Foto tomada de internet
Por David Polo
Desde hace algunos días circula en medios de comunicación y redes sociales una foto estremecedora, pero que sin embargo nos resulta familiar, y esto es lo triste del asunto. El impacto de la imagen es contundente. Un niño, sabemos su nombre y edad, yace tendido boca abajo sobre la arena de una playa de Turquía, en medio de la que ya es considerada la peor crisis migratoria de la historia desde la Segunda Guerra Mundial.
Los conflictos militares en Oriente Medio han obligado a cientos de miles de personas a emigrar rumbo a Europa. La desesperación es tal que no importa arriesgarse a perder la vida cruzando el mar Mediterráneo en botes saturados de personas, al grado de no caber dentro un alfiler más. Así como son cientos de miles los inmigrantes que buscan refugio son miles los seres humanos que han muerto ahogados en este nuevo éxodo de la historia humana.

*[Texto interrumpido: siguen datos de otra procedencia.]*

(* Let $\xi^*=\sum_{d=1}^S w_d^*\bar\xi_d$ be an invariant design which is $D$-optimal on $\mathcal{X}^{(S)}$ (i.e. $\mathbf{M}(\xi^* )$ is nonsingular and $\det\mathbf{M}(\xi^* )\ge\det\mathbf{M}(\xi)$ for every approximate design $\xi$ on $\mathcal{X}^{(S)}$). Then the set $\{d: w^*_d>0\}$ of comparison depths used by $\xi^*$ has at most three elements, and it is contained in $\{d^*,d^*+1,S\}$ for some $d^*\in\{1,\dots,S\}$.
   Context: Fix integers $v\ge 2$, $K\ge 3$ and $S$ with $3\le S\le K$. Let $\mathbf{e}_i$ denote the $i$th unit vector of $\mathbb{R}^{v-1}$ and $\mathbf{1}_{v-1}$ the all-ones vector. Define $\mathbf{f}_1:\{0,1,\dots,v\}\to\mathbb{R}^{v-1}$ by $\mathbf{f}_1(i)=\mathbf{e}_i$ for $1\le i\le v-1$, $\mathbf{f}_1(v)=-\mathbf{1}_{v-1}$, $\mathbf{f}_1(0)=\mathbf{0}$. For $\mathbf{i}\in\{0,\dots,v\}^K$ let $\mathbf{f}(\mathbf{i})\in\mathbb{R}^p$ stack $\mathbf{f}_1(i_k)$ ($k=1,\dots,K$), then $\mathbf{f}_1(i_k)\otimes\mathbf{f}_1(i_\ell)$ ($k<\ell$), then $\mathbf{f}_1(i_k)\otimes\mathbf{f}_1(i_\ell)\otimes\mathbf{f}_1(i_m)$ ($k<\ell<m$); $p=K(v-1)+\binom K2(v-1)^2+\binom K3(v-1)^3$. The design region $\mathcal{X}^{(S)}$ is the set of ordered pairs $(\mathbf{i},\mathbf{j})$ in $\{0,\dots,v\}^K$ for which there is a set $A$ of exactly $S$ attributes with $i_k,j_k\in\{1,\dots,v\}$ for $k\in A$ and $i_k=j_k=0$ for $k\notin A$; $\mathcal{X}^{(S)}_d$ (comparison depth $d$) is the subset with $i_k\ne j_k$ for exactly $d$ indices $k$. An approximate design is a finitely supported probability measure $\xi$ on $\mathcal{X}^{(S)}$ with information matrix $\mathbf{M}(\xi)=\sum\xi(\mathbf{i},\mathbf{j})(\mathbf{f}(\mathbf{i})-\mathbf{f}(\mathbf{j}))(\mathbf{f}(\mathbf{i})-\mathbf{f}(\mathbf{j}))^\top$; $\bar\xi_d$ is the uniform design on $\mathcal{X}^{(S)}_d$, and designs $\sum_{d=1}^S w_d\bar\xi_d$ ($w_d\ge0$, $\sum w_d=1$) are called invariant. *)

theory Defs
  imports "Jordan_Normal_Form.Determinant"
begin

definition f1 :: "nat \<Rightarrow> nat \<Rightarrow> real vec" where
  "f1 v i = vec (v - 1) (\<lambda>r. if i = 0 then 0 else if i = v then -1
                               else if r + 1 = i then 1 else 0)"

definition kron_vec :: "real vec \<Rightarrow> real vec \<Rightarrow> real vec" where
  "kron_vec a b = vec (dim_vec a * dim_vec b) (\<lambda>j. a $ (j div dim_vec b) * b $ (j mod dim_vec b))"

definition concat_vec :: "real vec list \<Rightarrow> real vec" where
  "concat_vec xs = foldr (\<lambda>a b. a @\<^sub>v b) xs (vec 0 (\<lambda>_. 0))"

definition regvec :: "nat \<Rightarrow> nat \<Rightarrow> nat list \<Rightarrow> real vec" where
  "regvec v K i = concat_vec
     ([f1 v (i ! k). k \<leftarrow> [0..<K]] @
      [kron_vec (f1 v (i ! k)) (f1 v (i ! l)). k \<leftarrow> [0..<K], l \<leftarrow> [Suc k..<K]] @
      [kron_vec (kron_vec (f1 v (i ! k)) (f1 v (i ! l))) (f1 v (i ! m)).
          k \<leftarrow> [0..<K], l \<leftarrow> [Suc k..<K], m \<leftarrow> [Suc l..<K]])"

definition nparams :: "nat \<Rightarrow> nat \<Rightarrow> nat" where
  "nparams v K = K * (v - 1) + (K choose 2) * (v - 1)^2 + (K choose 3) * (v - 1)^3"

definition profiles :: "nat \<Rightarrow> nat \<Rightarrow> nat list set" where
  "profiles v K = {xs. length xs = K \<and> set xs \<subseteq> {0..v}}"

definition design_region :: "nat \<Rightarrow> nat \<Rightarrow> nat \<Rightarrow> (nat list \<times> nat list) set" where
  "design_region v K S = {(i, j). i \<in> profiles v K \<and> j \<in> profiles v K \<and>
     (\<exists>A \<subseteq> {..<K}. card A = S \<and>
        (\<forall>k<K. (k \<in> A \<longrightarrow> i ! k \<in> {1..v} \<and> j ! k \<in> {1..v}) \<and>
               (k \<notin> A \<longrightarrow> i ! k = 0 \<and> j ! k = 0)))}"

definition depth_region :: "nat \<Rightarrow> nat \<Rightarrow> nat \<Rightarrow> nat \<Rightarrow> (nat list \<times> nat list) set" where
  "depth_region v K S d = {(i, j) \<in> design_region v K S. card {k. k < K \<and> i ! k \<noteq> j ! k} = d}"

definition is_design :: "nat \<Rightarrow> nat \<Rightarrow> nat \<Rightarrow> (nat list \<times> nat list \<Rightarrow> real) \<Rightarrow> bool" where
  "is_design v K S \<xi> \<longleftrightarrow> (\<forall>x. \<xi> x \<ge> 0) \<and> (\<forall>x. x \<notin> design_region v K S \<longrightarrow> \<xi> x = 0)
     \<and> (\<Sum>x\<in>design_region v K S. \<xi> x) = 1"

definition info_matrix :: "nat \<Rightarrow> nat \<Rightarrow> nat \<Rightarrow> (nat list \<times> nat list \<Rightarrow> real) \<Rightarrow> real mat" where
  "info_matrix v K S \<xi> = mat (nparams v K) (nparams v K) (\<lambda>(r, c).
     \<Sum>x\<in>design_region v K S. \<xi> x *
        ((regvec v K (fst x) - regvec v K (snd x)) $ r) *
        ((regvec v K (fst x) - regvec v K (snd x)) $ c))"

definition uniform_depth_design :: "nat \<Rightarrow> nat \<Rightarrow> nat \<Rightarrow> nat \<Rightarrow> (nat list \<times> nat list \<Rightarrow> real)" where
  "uniform_depth_design v K S d = (\<lambda>x. if x \<in> depth_region v K S d
      then 1 / real (card (depth_region v K S d)) else 0)"

definition D_optimal :: "nat \<Rightarrow> nat \<Rightarrow> nat \<Rightarrow> (nat list \<times> nat list \<Rightarrow> real) \<Rightarrow> bool" where
  "D_optimal v K S \<xi> \<longleftrightarrow> is_design v K S \<xi> \<and> det (info_matrix v K S \<xi>) \<noteq> 0 \<and>
     (\<forall>\<eta>. is_design v K S \<eta> \<longrightarrow> det (info_matrix v K S \<eta>) \<le> det (info_matrix v K S \<xi>))"

end

theory Submission
  imports Defs
begin

text \<open>Every coordinate of the regression vector is a product, over a set \<open>T\<close> of at most three
attributes, of effects-coded level indicators. Averaging over the uniform design of depth \<open>d\<close>
factorises attribute by attribute: the information matrix of the invariant design with weights \<open>w\<close>
is \<open>diag(\<mu>\<^sub>w(T\<^sub>r)) * B\<close> with \<open>B\<close> independent of \<open>w\<close>, and \<open>\<mu>\<^sub>w(T) = \<Sum>\<^sub>d w\<^sub>d \<kappa>(T,d)\<close>,
where \<open>\<kappa>(T,d)\<close> is a polynomial of degree at most three in \<open>d\<close> without constant term (the
proportion of \<open>d\<close>-subsets of an \<open>S\<close>-set containing a given \<open>u\<close>-set is the ratio of falling
factorials \<open>(d)\<^sub>u / (S)\<^sub>u\<close>).

Since \<open>det M = (\<Prod>\<^sub>r \<mu>\<^sub>w(T\<^sub>r)) * det B\<close>, optimality of \<open>w\<close> gives the equivalence condition
\<open>h(d) = \<Sum>\<^sub>r \<kappa>(T\<^sub>r,d) / \<mu>\<^sub>w(T\<^sub>r) \<le> p\<close> on \<open>{1..S}\<close>, with equality wherever \<open>w\<^sub>d > 0\<close>. So \<open>h - p\<close>
is a cubic which is negative at \<open>0\<close>, nonpositive at the integers of \<open>{1..S}\<close> and zero on the
support of \<open>w\<close>; such a cubic cannot vanish at two points \<open>a < b < S\<close> with \<open>b \<ge> a + 2\<close>.\<close>

section \<open>Coordinates of the regression vector\<close>

fun term_vec :: "nat \<Rightarrow> nat list \<Rightarrow> nat list \<Rightarrow> real vec" where
  "term_vec v i [k] = f1 v (i!k)"
| "term_vec v i [k,l] = kron_vec (f1 v (i!k)) (f1 v (i!l))"
| "term_vec v i [k,l,m] = kron_vec (kron_vec (f1 v (i!k)) (f1 v (i!l))) (f1 v (i!m))"
| "term_vec v i _ = vec 0 (\<lambda>_. 0)"

definition interaction_terms :: "nat \<Rightarrow> nat list list" where
  "interaction_terms K = [[k]. k \<leftarrow> [0..<K]] @ [[k,l]. k \<leftarrow> [0..<K], l \<leftarrow> [Suc k..<K]] @
     [[k,l,m]. k \<leftarrow> [0..<K], l \<leftarrow> [Suc k..<K], m \<leftarrow> [Suc l..<K]]"

lemma regvec_eq_concat_term_vecs: "regvec v K i = concat_vec (map (term_vec v i) (interaction_terms K))"
  unfolding regvec_def interaction_terms_def by (simp add: map_concat comp_def)

lemma mem_interaction_terms: "T \<in> set (interaction_terms K) \<longleftrightarrow>
   (\<exists>k<K. T = [k]) \<or> (\<exists>k l. k < l \<and> l < K \<and> T = [k,l]) \<or> (\<exists>k l m. k < l \<and> l < m \<and> m < K \<and> T = [k,l,m])"
  unfolding interaction_terms_def by (auto simp: image_iff; force)

lemma dim_f1[simp]: "dim_vec (f1 v a) = v - 1"
  by (simp add: f1_def)

lemma index_f1: "\<alpha> < v - 1 \<Longrightarrow> f1 v a $ \<alpha> = (if a = 0 then 0 else if a = v then -1 else if \<alpha> + 1 = a then 1 else 0)"
  by (simp add: f1_def)

lemma dim_kron_vec[simp]: "dim_vec (kron_vec a b) = dim_vec a * dim_vec b"
  by (simp add: kron_vec_def)

lemma index_kron_vec: "j < dim_vec a * dim_vec b \<Longrightarrow> kron_vec a b $ j = a $ (j div dim_vec b) * b $ (j mod dim_vec b)"
  by (simp add: kron_vec_def)

lemma dim_concat_vec: "dim_vec (concat_vec xs) = sum_list (map dim_vec xs)"
  by (induction xs) (auto simp: concat_vec_def)

fun block_position :: "nat list \<Rightarrow> nat \<Rightarrow> nat \<times> nat" where
  "block_position [] r = (0, r)"
| "block_position (n # ns) r = (if r < n then (0, r) else (Suc (fst (block_position ns (r - n))), snd (block_position ns (r - n))))"

lemma index_concat_vec:
  "r < sum_list (map dim_vec xs) \<Longrightarrow> fst (block_position (map dim_vec xs) r) < length xs \<and>
     snd (block_position (map dim_vec xs) r) < dim_vec (xs ! fst (block_position (map dim_vec xs) r)) \<and>
     concat_vec xs $ r = (xs ! fst (block_position (map dim_vec xs) r)) $ snd (block_position (map dim_vec xs) r)"
proof (induction xs arbitrary: r)
  case Nil thus ?case by simp
next
  case (Cons a xs)
  have cv: "concat_vec (a # xs) = a @\<^sub>v concat_vec xs" by (simp add: concat_vec_def)
  show ?case
  proof (cases "r < dim_vec a")
    case True thus ?thesis using Cons.prems by (simp add: cv dim_concat_vec)
  next
    case False
    with Cons.prems have "r - dim_vec a < sum_list (map dim_vec xs)" by simp
    from Cons.IH[OF this] False show ?thesis using Cons.prems by (simp add: cv dim_concat_vec)
  qed
qed

definition term_dims :: "nat \<Rightarrow> nat \<Rightarrow> nat list" where
  "term_dims v K = map (\<lambda>T. (v-1) ^ length T) (interaction_terms K)"

lemma dim_term_vec: "T \<in> set (interaction_terms K) \<Longrightarrow> dim_vec (term_vec v i T) = (v-1) ^ length T"
  unfolding mem_interaction_terms by (auto simp: power2_eq_square power3_eq_cube)

lemma map_dim_term_vecs: "map dim_vec (map (term_vec v i) (interaction_terms K)) = term_dims v K"
  unfolding term_dims_def by (simp add: dim_term_vec)

lemma sum_diff_Suc_choose_2: "(\<Sum>l=a..<K. K - Suc l) = (K - a) choose 2"
proof (induction K)
  case (Suc K)
  show ?case
  proof (cases "a \<le> K")
    case True
    have "(\<Sum>l=a..<Suc K. Suc K - Suc l) = (\<Sum>l=a..<K. (K - Suc l) + 1)"
      using True by (simp add: sum.atLeastLessThan_Suc Suc_diff_Suc)
    also have "\<dots> = (\<Sum>l=a..<K. K - Suc l) + (K - a)" by (simp only: sum.distrib) simp
    also have "\<dots> = (Suc K - a) choose 2"
      using True Suc by (simp add: Suc_diff_le numeral_2_eq_2 add.commute)
    finally show ?thesis .
  qed simp
qed simp

lemma sum_sum_diff_Suc_choose_3: "(\<Sum>k=0..<K. \<Sum>l=Suc k..<K. K - Suc l) = K choose 3"
proof (cases K)
  case (Suc n)
  have "(\<Sum>k=0..<K. \<Sum>l=Suc k..<K. K - Suc l) = (\<Sum>k=0..<K. (K - Suc k) choose 2)"
    by (simp add: sum_diff_Suc_choose_2)
  also have "\<dots> = (\<Sum>j=0..<K. j choose 2)"
    by (rule sum.reindex_bij_witness[where i="\<lambda>j. K - Suc j" and j="\<lambda>j. K - Suc j"]) auto
  also have "\<dots> = (\<Sum>j\<le>n. j choose 2)"
    using Suc by (simp add: atLeast0LessThan lessThan_Suc_atMost)
  also have "\<dots> = Suc n choose Suc 2" by (rule sum_choose_upper)
  finally show ?thesis using Suc by (simp add: numeral_3_eq_3)
qed simp

lemma sum_list_concat: "sum_list (concat xss) = sum_list (map sum_list (xss :: 'a :: monoid_add list list))"
  by (induction xss) auto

La foto es contundente justamente por eso. Un niño de tres años, su nombre es Aylan Kurdi, yace tendido boca abajo sobre una playa de Turquía mientras las olas bañan su cuerpo. En otra foto, un oficial se dispone a levantarlo de la arena. Aylan, desde luego, está muerto, como su madre y su hermano de cinco años, como los otros nueve (de treinta) que viajaban en el mismo bote y como los más de 2,500 inmigrantes que han perecido en el transcurso de este año, y ¿qué ocurre? Esa es una respuesta que hay que reflexionar mirando el panorama completo de la actualidad.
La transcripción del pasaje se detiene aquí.